The Highlands have a wealth of potential sites for landscape studies. There are a number of clusters of high-status structures for example at Glenelg, Lochalsh, Waternish on Skye and Sinclair Bay, Caithness (Map 7.3). Were these high-status structures in use at the same time? There are also many areas with different types of sites that were all in use in the period; for example hillforts, crannogs and roundhouses were all constructed of timber and stone. Studies such as Strath Suardal (Wildgoose 2016), show the benefits of both looking widely at a landscape and providing the potential for more detailed examination of individual houses. There have also been a number of excavations in the Culduthel area of Inverness. This major high-status settlement occupied between the 2nd century BC and the early 2nd century AD has been the main focus of attention (Hatherley and Murray 2021), but a number of other sites with Iron Age remains are also in the area (see summary in Hatherley and Murray 2021).
Investigation of high-status and low-status buildings in the landscape is hindered by the general scarcity of known low-status buildings (ScARF Iron Age section 6.3). However, a few places in the Highlands can shed light here. The landscape survey at Strath Suardal in Skye was deliberately chosen because of its proximity to the ritual site at High Pasture Cave. Most of the roundhouses dating to this period were fairly modest (Wildgoose 2016), although the excavations at High Pasture Cave have shown access to exotic and high status goods.
The relationship between different types of sites in the same landscape remains to be further explored. Were some sites used for a special purpose or were they seasonal? Were some representing a social status (ScARF Iron Age section 5.1, 5.4)? Romankiewicz (2018) has explored criteria for identifying non-domestic structures, which is a useful way to approach the evidence. There are also some regional trends within the Highlands. For example, Complex Atlantic Roundhouses (cARs) are rare south of Tain in the eastern Highlands (Hatherley 2015c; forthcoming). On the other hand, hillforts and crannogs appear throughout the Highlands (see 7.3.1 and 7.3.3). As better dating emerges, it will also be possible to see if there are chronological differences in the use of different sites.
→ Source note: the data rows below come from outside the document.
section \<open>Finite orthogonal groups, orbits and principal points\<close>

locale finite_orthogonal_group =
  fixes G :: "('a::euclidean_space \<Rightarrow> 'a) set"
  assumes finite_G: "finite G"
    and orthogonal_G: "\<forall>g\<in>G. orthogonal_transformation g"
    and id_in_G: "id \<in> G"
    and comp_in_G: "\<forall>f\<in>G. \<forall>g\<in>G. f \<circ> g \<in> G"
    and inv_in_G: "\<forall>g\<in>G. inv g \<in> G"
begin

lemma G_orthogonal: "g \<in> G \<Longrightarrow> orthogonal_transformation g"
  using orthogonal_G by blast

lemma G_linear: "g \<in> G \<Longrightarrow> linear g"
  using G_orthogonal by (simp add: orthogonal_transformation_def)

lemma G_inner: "g \<in> G \<Longrightarrow> g x \<bullet> g y = x \<bullet> y"
  using G_orthogonal by (simp add: orthogonal_transformation_def)

lemma G_norm: "g \<in> G \<Longrightarrow> norm (g x) = norm x"
  using G_orthogonal by (simp add: orthogonal_transformation)

lemma G_comp: "f \<in> G \<Longrightarrow> g \<in> G \<Longrightarrow> f \<circ> g \<in> G"
  using comp_in_G by blast

lemma G_inv: "g \<in> G \<Longrightarrow> inv g \<in> G"
  using inv_in_G by blast

lemma G_f_inv_f: "g \<in> G \<Longrightarrow> g (inv g x) = x"
  using orthogonal_transformation_inverse G_orthogonal by blast

lemma G_inv_f_f: "g \<in> G \<Longrightarrow> inv g (g x) = x"
  using orthogonal_transformation_inverse G_orthogonal by blast

lemma G_inv_inv: "g \<in> G \<Longrightarrow> inv (inv g) = g"
  using G_orthogonal orthogonal_transformation_bij inv_inv_eq by blast

lemma G_diff: "g \<in> G \<Longrightarrow> g (x - y) = g x - g y"
  using G_linear linear_diff by blast

lemma G_add: "g \<in> G \<Longrightarrow> g (x + y) = g x + g y"
  using G_linear linear_add by blast
text \<open>The prefixes of the walks witnessing stickiness stay stable, and each prefix of length m
  extends in n^(l-m) ways.\<close>
lemma card_stable_walks_ge:
  assumes "sticky n f l x" "m \<le> l" "n \<ge> 1"
  shows "real n ^ m / 2 \<le> real (card (stable_walks n f x m))"
proof -
  define A where "A = stable_walks n f x m"
  define Q where "Q = {q \<in> walks n l. no_infl_walk f x q}"
  have "Q \<subseteq> (\<lambda>(p, t). p @ t) ` (A \<times> walks n (l - m))"
  proof
    fix q assume q: "q \<in> Q"
    then have "take m q \<in> A"
      using assms(2) stable_walk_take[of f x q m]
      by (auto simp: Q_def A_def stable_walks_def walks_def no_infl_walk_iff_stable_walk
          dest: in_set_takeD)
    moreover have "drop m q \<in> walks n (l - m)"
      using q by (auto simp: Q_def walks_def dest: in_set_dropD)
    ultimately show "q \<in> (\<lambda>(p, t). p @ t) ` (A \<times> walks n (l - m))"
      by (intro image_eqI[of _ _ "(take m q, drop m q)"]) simp_all
  qed
  then have "card Q \<le> card ((\<lambda>(p, t). p @ t) ` (A \<times> walks n (l - m)))"
    by (intro card_mono) (simp_all add: A_def)
  also have "\<dots> \<le> card A * n ^ (l - m)"
    using card_image_le[of "A \<times> walks n (l - m)"] by (simp add: A_def card_cartesian_product)
  finally have "real (card Q) \<le> real (card A) * real n ^ (l - m)"
    by (metis of_nat_le_iff of_nat_mult of_nat_power)
  moreover have "real n ^ l \<le> 2 * real (card Q)"
    using assms(1,3) by (simp add: sticky_def Q_def divide_le_eq)
  moreover have "real n ^ l = real n ^ m * real n ^ (l - m)"
    using assms(2) by (simp flip: power_add)
  ultimately have "real n ^ m * real n ^ (l - m) \<le> (2 * real (card A)) * real n ^ (l - m)"
    by linarith
  then have "real n ^ m \<le> 2 * real (card A)"
    by (rule mult_right_le_imp_le) (use assms(3) in simp)
  then show ?thesis
    by (simp add: A_def)
qed

subsection \<open>Gluing two stable walks along an edge\<close>

lemma walk_verts_glued:
  "walk_verts (walk_end u p) (rev p @ i # s) = rev (walk_verts u p) @ walk_verts (flip u i) s"
proof -
  have "rev (walk_verts u p) = butlast (rev (walk_verts u p)) @ [u]"
    by (metis append_butlast_last_id hd_walk_verts last_rev rev_is_Nil_conv walk_verts_not_Nil)
  then show ?thesis
    by (simp add: walk_verts_append walk_verts_rev)
qed

lemma glued_walk_nth:
  assumes "stable_walk f u p" "stable_walk f (flip u i) s" "b \<le> length p + length s + 1"
  defines "zs \<equiv> walk_verts (walk_end u p) (rev p @ i # s)"
  shows "f (zs ! b) = (if b \<le> length p then f u else f (flip u i))"
proof (cases "b \<le> length p")
  case True
  then have "zs ! b = rev (walk_verts u p) ! b"
    by (simp add: zs_def walk_verts_glued nth_append)
  moreover have "rev (walk_verts u p) ! b \<in> set (rev (walk_verts u p))"
    using True by (intro nth_mem) simp
  ultimately have "zs ! b \<in> set (walk_verts u p)"
    by (metis set_rev)
  then have "f (zs ! b) = f u"
    using assms(1) unfolding stable_walk_def by blast
  then show ?thesis
    using True by simp
next
  case False
  then have "zs ! b = walk_verts (flip u i) s ! (b - Suc (length p))"
    by (simp add: zs_def walk_verts_glued nth_append)
  moreover have "walk_verts (flip u i) s ! (b - Suc (length p)) \<in> set (walk_verts (flip u i) s)"
    using False assms(3) by (intro nth_mem) simp
  ultimately have "zs ! b \<in> set (walk_verts (flip u i) s)"
    by simp
  then have "f (zs ! b) = f (flip u i)"
    using assms(2) unfolding stable_walk_def by blast
  then show ?thesis
    using False by simp
qed

lemma glued_walk_at_edge:
  "walk_verts (walk_end u p) (rev p @ i # s) ! length p = u"
  "walk_verts (walk_end u p) (rev p @ i # s) ! Suc (length p) = flip u i"
  by (simp_all add: walk_verts_glued nth_append rev_nth)

lemma glued_walk_influential_index:
  assumes "stable_walk f u p" "stable_walk f (flip u i) s"
    and "b < length p + length s + 1"
    and "f (walk_verts (walk_end u p) (rev p @ i # s) ! b)
           \<noteq> f (walk_verts (walk_end u p) (rev p @ i # s) ! Suc b)"
  shows "b = length p"
  using glued_walk_nth[OF assms(1,2), of b] glued_walk_nth[OF assms(1,2), of "Suc b"] assms(3,4)
  by (auto split: if_splits)

lemma glued_walk_in_walks:
  "p \<in> walks n j \<Longrightarrow> s \<in> walks n (l - 1 - j) \<Longrightarrow> j < l \<Longrightarrow> i < n \<Longrightarrow> rev p @ i # s \<in> walks n l"
  by (auto simp: walks_def)

lemma glued_walk_rejects:
  assumes "valid_bs n f l bs" "u \<in> cube n" "i < n" "violating f u (flip u i)"
    and "stable_walk f u p" "stable_walk f (flip u i) s"
    and "p \<in> walks n j" "s \<in> walks n (l - 1 - j)" "j < l"
  shows "rejects f bs (walk_end u p) (rev p @ i # s)"
proof -
  define zs where "zs = walk_verts (walk_end u p) (rev p @ i # s)"
  have lengths: "length p + length s + 1 = l"
    using assms(7-9) by (simp add: walks_def)
  have edge_infl: "f u \<noteq> f (flip u i)"
    using assms(4) by (auto simp: violating_def)
  have "f (hd zs) = f u"
    using glued_walk_nth[OF assms(5,6), of 0] by (simp add: zs_def hd_conv_nth)
  moreover have "f (last zs) = f (flip u i)"
    using glued_walk_nth[OF assms(5,6), of l] lengths
    by (simp add: zs_def last_conv_nth del: last_walk_verts)
  ultimately have ends_differ: "f (hd zs) \<noteq> f (last zs)"
    using edge_infl by simp
  moreover have "walk_end u p \<in> cube n"
    using assms(2) by (simp add: cube_def)
  ultimately have "bs zs < l \<and> f (zs ! bs zs) \<noteq> f (zs ! Suc (bs zs))"
    using assms(1) glued_walk_in_walks[OF assms(7-9,3)]
    unfolding valid_bs_def zs_def Let_def by blast
  then have "bs zs = length p"
    using glued_walk_influential_index[OF assms(5,6)] lengths by (simp add: zs_def)
  then show ?thesis
    using ends_differ assms(4) glued_walk_at_edge[of u p i s]
    by (simp add: rejects_def violating_edge_def zs_def)
qed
The last decades have seen a number of excavations and surveys, many of which are mentioned below. The Forestry Commission (now Forestry and Land Scotland) commissioned detailed and innovative surveys of some of the structures on their properties (Cavers et al 2015); see for example, the survey of Dun an Ruigh Ruadh in Wester Ross (MHG7808; Hudson and Humble 2015). These surveys provide a good first step when assessing these complex structures.
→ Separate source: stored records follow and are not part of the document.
text \<open>Write a nonzero annihilating polynomial as \<open>P = X\<^sup>r (c + X Q\<^sub>1)\<close> with \<open>c \<noteq> 0\<close> and
  divide by \<open>c\<close>.\<close>
lemma algebraic_over_imp_fitting_relation:
  assumes hom: "unital_ring_hom \<phi>" and "algebraic_over \<phi> y"
  shows "\<exists>r E. y ^ r * (1 - y * poly (map_poly \<phi> E) y) = 0"
proof -
  obtain P where "P \<noteq> 0" and P_root: "poly (map_poly \<phi> P) y = 0"
    using assms(2) unfolding algebraic_over_def by blast
  then obtain Q where P: "P = [:0, 1:] ^ order 0 P * Q" and "\<not> [:0, 1:] dvd Q"
    using order_decomp[of P 0] by auto
  obtain c Q\<^sub>1 where Q: "Q = pCons c Q\<^sub>1" by (cases Q)
  have "c \<noteq> 0"
    using \<open>\<not> [:0, 1:] dvd Q\<close> unfolding Q by (simp add: dvd_iff_poly_eq_0)
  define r where "r = order 0 P"
  define D where "D = poly (map_poly \<phi> Q\<^sub>1) y"
  have "poly (map_poly \<phi> P) y = poly (map_poly \<phi> [:0, 1:]) y ^ r * poly (map_poly \<phi> Q) y"
    unfolding r_def
    by (subst P) (simp only: hom map_poly_mult_hom poly_mult poly_map_poly_power_hom)
  also have "\<dots> = y ^ r * (\<phi> c + y * D)"
    by (simp add: hom map_poly_pCons unital_ring_hom_0 unital_ring_hom_1 Q D_def)
  finally have "y ^ r * (\<phi> c + y * D) = 0"
    using P_root by simp
  define E where "E = smult (- (1 / c)) Q\<^sub>1"
  have E_eval: "poly (map_poly \<phi> E) y = - (\<phi> (1 / c) * D)"
    by (simp only: E_def D_def map_poly_smult_hom[OF hom] poly_smult
        unital_ring_hom_minus[OF hom] mult_minus_left)
  have "y ^ r * (1 - y * poly (map_poly \<phi> E) y)
      = y ^ r * (\<phi> (1 / c) * \<phi> c) + y ^ r * y * (\<phi> (1 / c) * D)"
    using unital_ring_hom_inverse[OF hom \<open>c \<noteq> 0\<close>] by (simp add: E_eval algebra_simps)
  also have "\<dots> = \<phi> (1 / c) * (y ^ r * (\<phi> c + y * D))"
    by (simp add: algebra_simps)
  finally have "y ^ r * (1 - y * poly (map_poly \<phi> E) y) = 0"
    using \<open>y ^ r * (\<phi> c + y * D) = 0\<close> by simp
  then show ?thesis
    by blast
qed

lemma idempotent_power: "(g::'a::monoid_mult) * g = g \<Longrightarrow> 0 < n \<Longrightarrow> g ^ n = g"
proof (induction n)
  case (Suc n)
  then show ?case
    by (cases n) simp_all
qed simp

lemma power_absorbs_idempotent:
  fixes a g :: "'a::comm_ring_1"
  assumes "a ^ r * (1 - g) = 0" and "r \<le> m"
  shows "a ^ m * g = a ^ m"
proof -
  have "a ^ m = a ^ (m - r) * a ^ r"
    using \<open>r \<le> m\<close> by (simp flip: power_add)
  then have "a ^ m * (1 - g) = a ^ (m - r) * (a ^ r * (1 - g))"
    by (simp only: mult.assoc)
  then show ?thesis
    using assms(1) by (simp add: right_diff_distrib)
qed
As in other periods, the accessibility of building materials in the Iron Age influenced construction in different areas. In areas where timber was becoming scarce, turf was probably a key material, although its presence in the archaeological record remains elusive (ScARF Iron Age section 4.4; Romankiewicz 2019). It is noteworthy that the roundhouse on the hill at Wester Rarichie, Easter Ross with an internal diameter of around 12m appears to have been turf walled, despite its prominent location where stone walls may have been expected. It is also of interest in that it is dated to the Early Iron Age (MHG8465; Hatherley 2014; 2015c).
Few settlements were only used in a single period. Some houses were reused from earlier periods, for example Loch Raa which was built in the Bronze Age (MHG9126), and others would in turn be re-used in subsequent centuries (Chapter 8.3). More work, such as has occurred at Kintore, Aberdeenshire (Cook and Dunbar 2008) and at other sites in the Highlands needs to be undertaken.